Actions can either support your words or contradict them. Your words are more trustworthy if they’re accompanied by actions that point in the same direction and show the same intention. When they support what you say, you show that the desires, promises, apologies, and intentions you express are true. This creates trust and allows you to relax because you don’t always have to be on alert.
You might especially identify with this if you easily trust those who are important to you. You trust them based on the consistency between what they say and what they do for you. You don’t have to keep asking them to follow through because their words are enough. Or perhaps you’re thinking of those friends who aren’t very emotionally expressive, but who have shown that they’re always there by your side.
Trust is created when actions confirm words
And then there are those people who you trust blindly because they say such beautiful things. People who love to make promises, but then later show that they can’t keep them.
If words are not accompanied by actions that confirm them, they become fragile. They ruin trust and make it hard to get it back. You can’t trust someone who says one thing and then goes in a completely different direction. But at the same time, your own inability to react also shows what you prioritize in your life.
Think about the people who filled your heart with beautiful and caring words. How could you not want to let yourself be cradled by such beauty and hope? People want to trust – we don’t seek out people who will hurt us. We start to build up walls as the damage accumulates over time, but our true desire is to trust.
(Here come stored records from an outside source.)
(* Let $G=(V,E)$ be an infinite, connected, locally finite, vertex-transitive graph and $\Gamma$ a group of automorphisms of $G$ acting transitively on $V$. Suppose $h:V\to\mathbb{R}$ is a random function with $\Gamma$-invariant law and $\Delta h\equiv0$. If $h$ can be written as $h=v-u$ with random functions $u\ge0$ and $v$ satisfying $\sup_{x\in V}\mathbb{E}\,v(x)^+<\infty$, then $h$ is almost surely constant.
   Context: $\Delta u(x)=\sum_{y\sim x}(u(y)-u(x))$. A random function $h$ has $\Gamma$-invariant law if $(h(\alpha^{-1}x))_{x\in V}$ has the same law as $h$ for every $\alpha\in\Gamma$. $a^+=\max(a,0)$. *)

theory Defs
  imports "HOL-Probability.Probability"
begin

definition simple_graph :: "('v \<Rightarrow> 'v \<Rightarrow> bool) \<Rightarrow> bool" where
  "simple_graph E \<longleftrightarrow> (\<forall>x y. E x y \<longrightarrow> E y x) \<and> (\<forall>x. \<not> E x x)"

definition locally_finite :: "('v \<Rightarrow> 'v \<Rightarrow> bool) \<Rightarrow> bool" where
  "locally_finite E \<longleftrightarrow> (\<forall>x. finite {y. E x y})"

definition connected_graph :: "('v \<Rightarrow> 'v \<Rightarrow> bool) \<Rightarrow> bool" where
  "connected_graph E \<longleftrightarrow> (\<forall>x y. (x, y) \<in> {(a, b). E a b}\<^sup>*)"

definition graph_aut :: "('v \<Rightarrow> 'v \<Rightarrow> bool) \<Rightarrow> ('v \<Rightarrow> 'v) \<Rightarrow> bool" where
  "graph_aut E \<alpha> \<longleftrightarrow> bij \<alpha> \<and> (\<forall>x y. E x y \<longleftrightarrow> E (\<alpha> x) (\<alpha> y))"

definition vertex_transitive :: "('v \<Rightarrow> 'v \<Rightarrow> bool) \<Rightarrow> bool" where
  "vertex_transitive E \<longleftrightarrow> (\<forall>x y. \<exists>\<alpha>. graph_aut E \<alpha> \<and> \<alpha> x = y)"

definition aut_group :: "('v \<Rightarrow> 'v \<Rightarrow> bool) \<Rightarrow> ('v \<Rightarrow> 'v) set \<Rightarrow> bool" where
  "aut_group E \<Gamma> \<longleftrightarrow> (\<forall>\<alpha>\<in>\<Gamma>. graph_aut E \<alpha>) \<and> id \<in> \<Gamma> \<and>
     (\<forall>\<alpha>\<in>\<Gamma>. \<forall>\<beta>\<in>\<Gamma>. \<alpha> \<circ> \<beta> \<in> \<Gamma>) \<and> (\<forall>\<alpha>\<in>\<Gamma>. inv \<alpha> \<in> \<Gamma>)"

definition transitive_on_vertices :: "('v \<Rightarrow> 'v) set \<Rightarrow> bool" where
  "transitive_on_vertices \<Gamma> \<longleftrightarrow> (\<forall>x y. \<exists>\<alpha>\<in>\<Gamma>. \<alpha> x = y)"

definition graph_laplacian :: "('v \<Rightarrow> 'v \<Rightarrow> bool) \<Rightarrow> ('v \<Rightarrow> real) \<Rightarrow> 'v \<Rightarrow> real" where
  "graph_laplacian E u x = (\<Sum>y\<in>{y. E x y}. u y - u x)"

definition random_function :: "'w measure \<Rightarrow> ('w \<Rightarrow> 'v \<Rightarrow> real) \<Rightarrow> bool" where
  "random_function M h \<longleftrightarrow> (\<forall>x. (\<lambda>\<omega>. h \<omega> x) \<in> borel_measurable M)"

definition law :: "'w measure \<Rightarrow> ('w \<Rightarrow> 'v \<Rightarrow> real) \<Rightarrow> ('v \<Rightarrow> real) measure" where
  "law M h = distr M (PiM UNIV (\<lambda>_. borel)) h"

definition invariant_law :: "'w measure \<Rightarrow> ('v \<Rightarrow> 'v) set \<Rightarrow> ('w \<Rightarrow> 'v \<Rightarrow> real) \<Rightarrow> bool" where
  "invariant_law M \<Gamma> h \<longleftrightarrow>
     (\<forall>\<alpha>\<in>\<Gamma>. law M (\<lambda>\<omega> x. h \<omega> (inv \<alpha> x)) = law M h)"

end

theory Submission
  imports Defs
begin

text \<open>Since h is harmonic, for every level c the positive part of h - c is subharmonic.
  Invariance of the law makes the expectation of the positive part of h(x) - c independent of x,
  and it is finite because h \<le> v. Integrating the subharmonicity inequality therefore gives
  equality, so almost surely these positive parts are harmonic for all vertices and all rational
  levels c simultaneously (the graph is countable). A function with this property cannot increase
  along an edge, and on a connected graph it is constant.\<close>

lemma countable_UNIV_if_connected_locally_finite:
  fixes E :: "'v \<Rightarrow> 'v \<Rightarrow> bool"
  assumes "locally_finite E" and "connected_graph E"
  shows "countable (UNIV :: 'v set)"
proof -
  fix x0 :: 'v
  let ?R = "{(a, b). E a b}"
  have finite_spheres: "finite {y. (x0, y) \<in> ?R ^^ n}" for n
  proof (induction n)
    case 0
    then show ?case by simp
  next
    case (Suc n)
    have "{y. (x0, y) \<in> ?R ^^ Suc n} = (\<Union>z\<in>{y. (x0, y) \<in> ?R ^^ n}. {y. E z y})"
      by auto
    then show ?case
      using Suc assms(1) unfolding locally_finite_def by auto
  qed
  have "UNIV = (\<Union>n. {y. (x0, y) \<in> ?R ^^ n})"
    using assms(2) unfolding connected_graph_def by (auto simp: rtrancl_power)
  moreover have "countable (\<Union>n. {y. (x0, y) \<in> ?R ^^ n})"
    using finite_spheres by (intro countable_UN) (auto intro: countable_finite)
  ultimately show ?thesis
    by simp
qed

lemma constant_if_nonincreasing_along_edges:
  assumes "connected_graph E" and "\<And>x y. E x y \<Longrightarrow> f y \<le> (f x :: 'a :: order)"
  shows "\<exists>c. \<forall>x. f x = c"
proof -
  have "f y \<le> f x" if "(x, y) \<in> {(a, b). E a b}\<^sup>*" for x y
    using that by (induction rule: rtrancl_induct) (auto dest: assms(2) intro: order_trans)
  then have "f x = f y" for x y
    using assms(1) unfolding connected_graph_def by (blast intro: order_antisym)
  then show ?thesis
    by blast
qed

lemma sum_positive_part_ge_if_subharmonic:
  fixes f :: "'v \<Rightarrow> real"
  assumes "finite N" and "0 \<le> (\<Sum>y\<in>N. f y - f x)"
  shows "real (card N) * max (f x - c) 0 \<le> (\<Sum>y\<in>N. max (f y - c) 0)"
proof (cases "f x \<le> c")
  case True
  then show ?thesis
    by (simp add: sum_nonneg)
next
  case False
  have "real (card N) * max (f x - c) 0 = (\<Sum>y\<in>N. f x - c)"
    using False by simp
  also have "\<dots> \<le> (\<Sum>y\<in>N. f y - f x) + (\<Sum>y\<in>N. f x - c)"
    using assms(2) by simp
  also have "\<dots> = (\<Sum>y\<in>N. f y - c)"
    by (simp only: sum.distrib[symmetric]) simp
  also have "\<dots> \<le> (\<Sum>y\<in>N. max (f y - c) 0)"
    by (rule sum_mono) simp
  finally show ?thesis .
qed

lemma constant_if_positive_parts_harmonic:
  fixes f :: "'v \<Rightarrow> real"
  assumes "connected_graph E" and "locally_finite E"
    and harmonic: "\<And>x c. c \<in> \<rat> \<Longrightarrow>
      (\<Sum>y\<in>{y. E x y}. max (f y - c) 0) = real (card {y. E x y}) * max (f x - c) 0"
  shows "\<exists>c. \<forall>x. f x = c"
proof (rule constant_if_nonincreasing_along_edges[OF assms(1)])
  fix x y
  assume "E x y"
  show "f y \<le> f x"
  proof (rule ccontr)
    assume "\<not> f y \<le> f x"
    then obtain c where c: "c \<in> \<rat>" "f x < c" "c < f y"
      using Rats_dense_in_real[of "f x" "f y"] by auto
    have "finite {y. E x y}"
      using assms(2) unfolding locally_finite_def by blast
    moreover have "(\<Sum>y\<in>{y. E x y}. max (f y - c) 0) = 0"
      using harmonic[OF c(1), of x] c(2) by simp
    ultimately have "max (f y - c) 0 = 0"
      using \<open>E x y\<close> by (simp add: sum_nonneg_eq_0_iff)
    then show False
      using c(3) by simp
  qed
qed

lemma random_function_measurable_PiM:
  assumes "random_function M h"
  shows "h \<in> measurable M (PiM UNIV (\<lambda>_. borel :: real measure))"
  using assms unfolding random_function_def
  by (intro measurable_PiM_single') (auto simp: Pi_iff PiE_iff)

lemma nn_integral_invariant_law_vertex_independent:
  fixes g :: "real \<Rightarrow> ennreal"
  assumes "aut_group E \<Gamma>" and "transitive_on_vertices \<Gamma>"
    and "random_function M h" and "invariant_law M \<Gamma> h"
    and [measurable]: "g \<in> borel_measurable borel"
  shows "(\<integral>\<^sup>+ \<omega>. g (h \<omega> x) \<partial>M) = (\<integral>\<^sup>+ \<omega>. g (h \<omega> y) \<partial>M)"
proof -
  let ?P = "PiM UNIV (\<lambda>_. borel :: real measure)"
  obtain \<alpha> where \<alpha>: "\<alpha> \<in> \<Gamma>" "\<alpha> x = y"
    using assms(2) unfolding transitive_on_vertices_def by blast
  then have "inv \<alpha> y = x"
    using assms(1) unfolding aut_group_def graph_aut_def by (metis bij_is_inj inv_f_f)
  moreover have "random_function M (\<lambda>\<omega> z. h \<omega> (inv \<alpha> z))"
    using assms(3) unfolding random_function_def by blast
  ultimately have "(\<integral>\<^sup>+ \<omega>. g (h \<omega> x) \<partial>M)
      = (\<integral>\<^sup>+ f. g (f y) \<partial>distr M ?P (\<lambda>\<omega> z. h \<omega> (inv \<alpha> z)))"
    by (subst nn_integral_distr) (auto intro: random_function_measurable_PiM)
  also have "\<dots> = (\<integral>\<^sup>+ f. g (f y) \<partial>distr M ?P h)"
    using assms(4) \<alpha>(1) unfolding invariant_law_def law_def by simp
  also have "\<dots> = (\<integral>\<^sup>+ \<omega>. g (h \<omega> y) \<partial>M)"
    using assms(3) by (subst nn_integral_distr) (auto intro: random_function_measurable_PiM)
  finally show ?thesis .
qed

lemma nn_integral_positive_part_finite_if_dominated:
  fixes h v :: "'w \<Rightarrow> real"
  assumes "prob_space M" and [measurable]: "v \<in> borel_measurable M"
    and "AE \<omega> in M. h \<omega> \<le> v \<omega>"
    and "(\<integral>\<^sup>+ \<omega>. ennreal (max (v \<omega>) 0) \<partial>M) < \<infinity>"
  shows "(\<integral>\<^sup>+ \<omega>. ennreal (max (h \<omega> - c) 0) \<partial>M) \<noteq> \<infinity>"
proof -
  interpret prob_space M by fact
  have "AE \<omega> in M. ennreal (max (h \<omega> - c) 0) \<le> ennreal (max (v \<omega>) 0) + ennreal \<bar>c\<bar>"
    using assms(3)
  proof eventually_elim
    case (elim \<omega>)
    then have "ennreal (max (h \<omega> - c) 0) \<le> ennreal (max (v \<omega>) 0 + \<bar>c\<bar>)"
      by (intro ennreal_leI) linarith
    then show ?case
      by (simp add: ennreal_plus)
  qed
  then have "(\<integral>\<^sup>+ \<omega>. ennreal (max (h \<omega> - c) 0) \<partial>M)
      \<le> (\<integral>\<^sup>+ \<omega>. ennreal (max (v \<omega>) 0) + ennreal \<bar>c\<bar> \<partial>M)"
    by (rule nn_integral_mono_AE)
  also have "\<dots> = (\<integral>\<^sup>+ \<omega>. ennreal (max (v \<omega>) 0) \<partial>M) + ennreal \<bar>c\<bar>"
    by (subst nn_integral_add) (auto simp: emeasure_space_1)
  also have "\<dots> < \<infinity>"
    using assms(4) by simp
  finally show ?thesis
    by (simp add: less_top)
qed

lemma AE_positive_part_harmonic:
  fixes h :: "'w \<Rightarrow> 'v \<Rightarrow> real"
  assumes "finite N" and "random_function M h"
    and subharmonic: "AE \<omega> in M. 0 \<le> (\<Sum>y\<in>N. h \<omega> y - h \<omega> x)"
    and same_mean: "\<And>y. (\<integral>\<^sup>+ \<omega>. ennreal (max (h \<omega> y - c) 0) \<partial>M)
      = (\<integral>\<^sup>+ \<omega>. ennreal (max (h \<omega> x - c) 0) \<partial>M)"
    and finite_mean: "(\<integral>\<^sup>+ \<omega>. ennreal (max (h \<omega> x - c) 0) \<partial>M) \<noteq> \<infinity>"
  shows "AE \<omega> in M. (\<Sum>y\<in>N. max (h \<omega> y - c) 0) = real (card N) * max (h \<omega> x - c) 0"
proof -
  have [measurable]: "(\<lambda>\<omega>. h \<omega> y) \<in> borel_measurable M" for y
    using assms(2) unfolding random_function_def by blast
  define A where "A \<omega> = ennreal (\<Sum>y\<in>N. max (h \<omega> y - c) 0)" for \<omega>
  define B where "B \<omega> = ennreal (real (card N) * max (h \<omega> x - c) 0)" for \<omega>
  have measurable_AB[measurable]: "A \<in> borel_measurable M" "B \<in> borel_measurable M"
    unfolding A_def B_def by measurable
  have B_le_A: "AE \<omega> in M. B \<omega> \<le> A \<omega>"
    using subharmonic unfolding A_def B_def
    by eventually_elim (intro ennreal_leI sum_positive_part_ge_if_subharmonic assms(1))
  have B_mean: "(\<integral>\<^sup>+ \<omega>. B \<omega> \<partial>M) = of_nat (card N) * (\<integral>\<^sup>+ \<omega>. ennreal (max (h \<omega> x - c) 0) \<partial>M)"
    unfolding B_def
    by (simp add: ennreal_mult ennreal_of_nat_eq_real_of_nat nn_integral_cmult)
  have "(\<integral>\<^sup>+ \<omega>. A \<omega> \<partial>M) = (\<Sum>y\<in>N. \<integral>\<^sup>+ \<omega>. ennreal (max (h \<omega> y - c) 0) \<partial>M)"
    unfolding A_def by (subst sum_ennreal[symmetric]) (auto intro: nn_integral_sum)
  also have "\<dots> = (\<Sum>y\<in>N. \<integral>\<^sup>+ \<omega>. ennreal (max (h \<omega> x - c) 0) \<partial>M)"
    by (rule sum.cong[OF refl same_mean])
  also have "\<dots> = (\<integral>\<^sup>+ \<omega>. B \<omega> \<partial>M)"
    unfolding B_mean by simp
  finally have "\<not> (\<integral>\<^sup>+ \<omega>. B \<omega> \<partial>M) < (\<integral>\<^sup>+ \<omega>. A \<omega> \<partial>M)"
    by simp
  moreover have "(\<integral>\<^sup>+ \<omega>. B \<omega> \<partial>M) \<noteq> \<infinity>"
    using finite_mean unfolding B_mean by (simp add: ennreal_mult_eq_top_iff)
  ultimately have "AE \<omega> in M. A \<omega> \<le> B \<omega>"
    using nn_integral_less[OF measurable_AB(2,1) _ B_le_A] by blast
  with B_le_A show ?thesis
    unfolding A_def B_def by eventually_elim (simp add: sum_nonneg)
qed

theorem lemma5p4:
  fixes E :: "'v \<Rightarrow> 'v \<Rightarrow> bool"
    and \<Gamma> :: "('v \<Rightarrow> 'v) set"
    and M :: "'w measure"
    and h u v :: "'w \<Rightarrow> 'v \<Rightarrow> real"
  assumes "simple_graph E"
    and "infinite (UNIV :: 'v set)"
    and "connected_graph E"
    and "locally_finite E"
    and "vertex_transitive E"
    and "aut_group E \<Gamma>"
    and "transitive_on_vertices \<Gamma>"
    and "prob_space M"
    and "random_function M h"
    and "invariant_law M \<Gamma> h"
    and "AE \<omega> in M. \<forall>x. graph_laplacian E (h \<omega>) x = 0"
    and "random_function M u"
    and "random_function M v"
    and "AE \<omega> in M. \<forall>x. u \<omega> x \<ge> 0"
    and "AE \<omega> in M. \<forall>x. h \<omega> x = v \<omega> x - u \<omega> x"
    and "(SUP x. \<integral>\<^sup>+ \<omega>. ennreal (max (v \<omega> x) 0) \<partial>M) < \<infinity>"
  shows "AE \<omega> in M. \<exists>c. \<forall>x. h \<omega> x = c"
proof -
  have same_mean: "(\<integral>\<^sup>+ \<omega>. ennreal (max (h \<omega> y - c) 0) \<partial>M)
      = (\<integral>\<^sup>+ \<omega>. ennreal (max (h \<omega> x - c) 0) \<partial>M)" for x y c
    using assms(6,7,9,10) by (rule nn_integral_invariant_law_vertex_independent) measurable
  have finite_mean: "(\<integral>\<^sup>+ \<omega>. ennreal (max (h \<omega> x - c) 0) \<partial>M) \<noteq> \<infinity>" for x c
  proof (rule nn_integral_positive_part_finite_if_dominated[OF assms(8)])
    show "(\<lambda>\<omega>. v \<omega> x) \<in> borel_measurable M"
      using assms(13) unfolding random_function_def by blast
    show "AE \<omega> in M. h \<omega> x \<le> v \<omega> x"
      using assms(14,15) by eventually_elim auto
    show "(\<integral>\<^sup>+ \<omega>. ennreal (max (v \<omega> x) 0) \<partial>M) < \<infinity>"
      using assms(16) by (meson SUP_upper UNIV_I le_less_trans)
  qed
  have subharmonic: "AE \<omega> in M. 0 \<le> (\<Sum>y\<in>{y. E x y}. h \<omega> y - h \<omega> x)" for x
    using assms(11) by eventually_elim (simp add: graph_laplacian_def)
  have "AE \<omega> in M. \<forall>x\<in>UNIV. \<forall>c\<in>\<rat>.
      (\<Sum>y\<in>{y. E x y}. max (h \<omega> y - c) 0) = real (card {y. E x y}) * max (h \<omega> x - c) 0"
  proof (intro AE_ball_countable' countable_rat countable_UNIV_if_connected_locally_finite[OF assms(4,3)])
    fix x c
    have "finite {y. E x y}"
      using assms(4) unfolding locally_finite_def by blast
    then show "AE \<omega> in M. (\<Sum>y\<in>{y. E x y}. max (h \<omega> y - c) 0)
        = real (card {y. E x y}) * max (h \<omega> x - c) 0"
      using assms(9) subharmonic same_mean finite_mean by (rule AE_positive_part_harmonic)
  qed
  then show ?thesis
    by eventually_elim (rule constant_if_positive_parts_harmonic[OF assms(3,4)], simp)
qed

end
Trust brings security and peace
Trust brings security, which we need in order to stay sane. We need consistency. Inconsistency throws us off, makes us insecure, and puts us on constant alert. Therefore, when someone repeatedly breaks our trust, we feel the need to step away.
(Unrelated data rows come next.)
lemma nn_integral_le_discounted:
  fixes g :: "real \<Rightarrow> real"
  assumes "J \<subseteq> {0..T}" "g \<in> borel_measurable lborel" "\<And>t. 0 \<le> g t"
  shows "(\<integral>\<^sup>+ t \<in> J. ennreal (g t) \<partial>lborel)
           \<le> ennreal (exp (\<bar>r\<bar> * T)) * (\<integral>\<^sup>+ t \<in> {0..T}. ennreal (exp (r * (T - t)) * g t) \<partial>lborel)"
proof -
  have "ennreal (g t) * indicator J t
      \<le> ennreal (exp (\<bar>r\<bar> * T)) * (ennreal (exp (r * (T - t)) * g t) * indicator {0..T} t)" for t
  proof (cases "t \<in> J")
    case True
    with assms(1) have t: "0 \<le> t" "t \<le> T" by auto
    have "- (r * (T - t)) \<le> \<bar>r\<bar> * (T - t)"
      using mult_right_mono[OF abs_ge_minus_self[of r], of "T - t"] t by simp
    also have "\<dots> \<le> \<bar>r\<bar> * T"
      using t by (simp add: mult_left_mono)
    finally have "- (r * (T - t)) \<le> \<bar>r\<bar> * T" .
    then have "1 \<le> exp (\<bar>r\<bar> * T) * exp (r * (T - t))"
      by (simp add: exp_add[symmetric])
    then have "g t \<le> exp (\<bar>r\<bar> * T) * (exp (r * (T - t)) * g t)"
      using assms(3)[of t] by (simp add: mult_le_cancel_right1 mult.assoc[symmetric])
    then show ?thesis
      using True t assms(3)[of t] by (simp add: ennreal_mult[symmetric])
  qed simp
  then show ?thesis
    using assms(2) by (simp add: nn_integral_mono nn_integral_cmult[symmetric])
qed

lemma nn_integral_powr_finite_if_eint_crra_finite:
  fixes X :: "'w \<Rightarrow> real"
  assumes "prob_space M" "0 < a" "a < 1" "X \<in> borel_measurable M"
    and "eint M (\<lambda>\<omega>. crra a c (X \<omega>)) < \<infinity>"
  shows "(\<integral>\<^sup>+ \<omega>. ennreal (X \<omega> powr a) \<partial>M) < \<infinity>"
proof -
  interpret prob_space M by fact
  have crra_pos: "e2ennreal (crra a c x) = ennreal (x powr a + c)"
    and crra_neg: "e2ennreal (- crra a c x) = ennreal (- (x powr a + c))" for x
    using assms(2,3) by (simp_all add: crra_def)
  have "(\<integral>\<^sup>+ \<omega>. ennreal (- (X \<omega> powr a + c)) \<partial>M) \<le> (\<integral>\<^sup>+ \<omega>. ennreal \<bar>c\<bar> \<partial>M)"
    by (intro nn_integral_mono ennreal_leI) (smt (verit) powr_ge_zero)
  also have "\<dots> < \<infinity>"
    by (simp add: emeasure_space_1)
  finally have neg_finite: "enn2ereal (\<integral>\<^sup>+ \<omega>. ennreal (- (X \<omega> powr a + c)) \<partial>M) \<noteq> \<infinity>"
    by (simp add: less_top)
  have eint_eq: "eint M (\<lambda>\<omega>. crra a c (X \<omega>)) = enn2ereal (\<integral>\<^sup>+ \<omega>. ennreal (X \<omega> powr a + c) \<partial>M)
      - enn2ereal (\<integral>\<^sup>+ \<omega>. ennreal (- (X \<omega> powr a + c)) \<partial>M)"
    by (simp only: eint_def crra_pos crra_neg)
  have pos_finite: "(\<integral>\<^sup>+ \<omega>. ennreal (X \<omega> powr a + c) \<partial>M) < \<infinity>"
  proof (rule ccontr)
    assume "\<not> ?thesis"
    then have "(\<integral>\<^sup>+ \<omega>. ennreal (X \<omega> powr a + c) \<partial>M) = \<top>"
      by (simp add: less_top[symmetric])
    then have "eint M (\<lambda>\<omega>. crra a c (X \<omega>)) = \<infinity>"
      using neg_finite by (simp add: eint_eq)
    then show False
      using assms(5) by simp
  qed
  have "(\<integral>\<^sup>+ \<omega>. ennreal (X \<omega> powr a) \<partial>M)
      \<le> (\<integral>\<^sup>+ \<omega>. ennreal (X \<omega> powr a + c) + ennreal \<bar>c\<bar> \<partial>M)"
  proof (rule nn_integral_mono)
    fix \<omega>
    have "ennreal (X \<omega> powr a) \<le> ennreal (max 0 (X \<omega> powr a + c) + \<bar>c\<bar>)"
      by (intro ennreal_leI) linarith
    then show "ennreal (X \<omega> powr a) \<le> ennreal (X \<omega> powr a + c) + ennreal \<bar>c\<bar>"
      by (simp add: ennreal_plus ennreal_max_0)
  qed
  also have "\<dots> = (\<integral>\<^sup>+ \<omega>. ennreal (X \<omega> powr a + c) \<partial>M) + ennreal \<bar>c\<bar>"
    using assms(4) by (simp add: nn_integral_add emeasure_space_1)
  also have "\<dots> < \<infinity>"
    using pos_finite by (simp add: less_top[symmetric])
  finally show ?thesis .
qed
If we don’t value trust, we’re doomed to being crushed by our relationships over and over again. If we don’t respect ourselves, nobody else will respect us. That’s why it’s important to seriously consider who we offer the beautiful but fragile gift of trust to. Sometimes this is a real act of courage.
Look for people whose actions back up their words. Don’t say things lightly if you’re not completely sure that they mirror your feelings. Don’t make any promises if you think you might not be able to keep them. Ensure that your own words have value. When there’s consistency between what you say and what you do, you inspire trust and security in other people. Not only that, you also avoid the resulting irritating cognitive dissonance on your part.
“He that lives upon hope dies fasting.”
False hopes fill you with air, not substance
Trust and security are fundamental pillars of any significant emotional relationship. You can have a lot of friends, but TRUE friends aren’t so easy to find. You know they’re true friends because they’re always by your side. Because their words and their actions are connected, meaning there’s no insecurity to threaten your relationship. You know that if you have any problems, you’ll face them before betraying your word.
Would you prefer to live with false hope, waiting for actions that will never come, for words that evaporate into thin air as soon as they’re spoken? Or would you prefer the truth, however painful it is, because in the end it’s how the other person feels? Ultimately, truth will always show you the way, not the false hope of a mirage on the horizon.